Она сошла с помоста и направилась к выходу.
– Весьма интересно, – сказал Спок. – Незаурядный взгляд на вещи.
– Незаурядная женщина, – тихо ответил Кирк; но Эдит, как раз проходившая за их спинами, услыхала его.
– Вы – два незаурядных работника, мистер Кирк, – сказала она. – Подвал выскоблен и сверкает чистотой.
Кирк вспомнил, как практикантом бесконечно надраивал полы. Вот когда пригодилось. Вслух он спросил:
– Когда нам завтра приходить на работу?
– В семь утра. У вас есть угол?
– Что?
Она взглянула на него с интересом.
– Вы оба новички в этом деле, верно? Угол – это место для ночлега. В доме, где я живу, есть свободная комната, два доллара в неделю. Если хотите, могу проводить вас туда, когда закончите с посудой.
– Да, – сказал Кирк. – Мы бы хотели. Спасибо.
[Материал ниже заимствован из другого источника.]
lemma Kmat_pow_3:
  fixes X Y :: "'a :: comm_ring_1 mat"
  assumes "X \<in> carrier_mat n n" "Y \<in> carrier_mat n n"
  shows "Kmat n X Y ^\<^sub>m 3 = 0\<^sub>m (5 * n) (5 * n)"
proof -
  let ?K = "block5 n (K_blocks n X Y)"
  have "Kmat n X Y ^\<^sub>m 3 = ?K * ?K * ?K"
    by (simp add: numeral_eq_Suc Kmat_eq_block5)
  also have "?K * ?K = block5 n (\<lambda>p q. if (p, q) = (0, 3) then Y else 0\<^sub>m n n)"
    by (rule block5_mult_eq) (use assms in \<open>auto simp: less_five_iff K_blocks_def block_mult5_def\<close>)
  also have "\<dots> * ?K = block5 n (\<lambda>p q. 0\<^sub>m n n)"
    by (rule block5_mult_eq) (use assms in \<open>auto simp: less_five_iff K_blocks_def block_mult5_def\<close>)
  finally show ?thesis
    by (simp add: zero_mat_block5)
qed

lemma Jmat_Kmat_commute:
  fixes X Y :: "'a :: comm_ring_1 mat"
  assumes "X \<in> carrier_mat n n" "Y \<in> carrier_mat n n"
  shows "Jmat n * Kmat n X Y = Kmat n X Y * Jmat n"
proof -
  let ?XE = "block5 n (\<lambda>p q. if (p, q) = (0, 3) then X else 0\<^sub>m n n)"
  have "Jmat n * Kmat n X Y = ?XE"
    unfolding Jmat_eq_block5 Kmat_eq_block5
    by (rule block5_mult_eq) (use assms in \<open>auto simp: less_five_iff J_blocks_def K_blocks_def block_mult5_def\<close>)
  moreover have "Kmat n X Y * Jmat n = ?XE"
    unfolding Jmat_eq_block5 Kmat_eq_block5
    by (rule block5_mult_eq) (use assms in \<open>auto simp: less_five_iff J_blocks_def K_blocks_def block_mult5_def\<close>)
  ultimately show ?thesis
    by simp
qed

section \<open>Block-diagonal embedding of a similarity\<close>

definition block_diag5 :: "nat \<Rightarrow> 'a :: zero mat \<Rightarrow> 'a mat" where
  "block_diag5 n A = block5 n (\<lambda>p q. if p = q then A else 0\<^sub>m n n)"

lemma block_diag5_mult_left:
  fixes A :: "'a :: semiring_0 mat"
  assumes "A \<in> carrier_mat n n" "\<And>p q. B p q \<in> carrier_mat n n"
  shows "block_diag5 n A * block5 n B = block5 n (\<lambda>p q. A * B p q)"
  unfolding block_diag5_def
proof (rule block5_mult_eq)
  fix p q :: nat assume "p < 5" "q < 5"
  moreover have "dim_row (B p q) = n" "dim_col (B p q) = n" for p q
    using assms(2)[of p q] by auto
  ultimately show "block_mult5 (\<lambda>p q. if p = q then A else 0\<^sub>m n n) B p q = A * B p q"
    using assms by (auto simp: less_five_iff block_mult5_def)
qed (use assms in auto)

lemma block_diag5_mult_right:
  fixes A :: "'a :: semiring_0 mat"
  assumes "A \<in> carrier_mat n n" "\<And>p q. B p q \<in> carrier_mat n n"
  shows "block5 n B * block_diag5 n A = block5 n (\<lambda>p q. B p q * A)"
  unfolding block_diag5_def
proof (rule block5_mult_eq)
  fix p q :: nat assume "p < 5" "q < 5"
  moreover have "dim_row (B p q) = n" "dim_col (B p q) = n" for p q
    using assms(2)[of p q] by auto
  ultimately show "block_mult5 B (\<lambda>p q. if p = q then A else 0\<^sub>m n n) p q = B p q * A"
    using assms by (auto simp: less_five_iff block_mult5_def)
qed (use assms in auto)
Как и всё, что им довелось здесь увидеть, комната подавляла своей убогостью: обшарпанная мебель, продавленная кровать, пыльные занавески. Но теперь всё это до некоторой степени было скрыто за хитросплетением проводов, электрических катушек и вакуумных трубок, к которому Спок как раз пытался подключить свой трикодер. При входе Кирка, нёсшего небольшой бумажный пакет с покупками и ещё один с деталями, Спок, не отрываясь от работы, сказал:
– Капитан, мне нужно немного платиновой проволоки, около килограмма. Или кусок чистого металла, примерно грамм десять. Это даже лучше.
Кирк покачал головой.
– Я принёс овощи для тебя, булочку с сосиской для себя. В другом пакете, уверяю тебя, нет ни платины, ни золота, ни бриллиантов – и непохоже, что они там когда-нибудь появятся. Всё, что там есть – это несколько подержанных деталей; и на то, чтобы раздобыть их для тебя, ушло девять десятых нашего общего трёхдневного заработка.
– Капитан, вы заставляете меня работать с инструментами и деталями, которые ненамного лучше кремнёвых ножей и медвежьих шкур.
– Другого выхода нет, – сказал Кирк. – Маккой может появиться в любой день. С платиной или без платины, а эта штука должна работать.
– Капитан, – ледяным тоном сказал Спок, – через три недели – возможно, через месяц – я смогу такими темпами закончить первую мнемоническую цепь…
Раздался стук, а затем в приоткрывшуюся дверь просунулась голова Эдит.
– Если можете пойти сейчас, есть работа на пять часов за двадцать два цента в час. А это что?
– Я пытаюсь, мэм, – с достоинством ответил Спок, – сконструировать мнемоническую цепь из кремнёвых ножей и медвежьих шкур.
– Не знаю, что Вы хотите этим сказать, но если вам нужна работа, то лучше поторопитесь. – И она исчезла.
– Она права. Пойдёмте, мистер Спок.
– Да, капитан, ещё секунду… Кажется, я видел в миссии инструменты для точных работ.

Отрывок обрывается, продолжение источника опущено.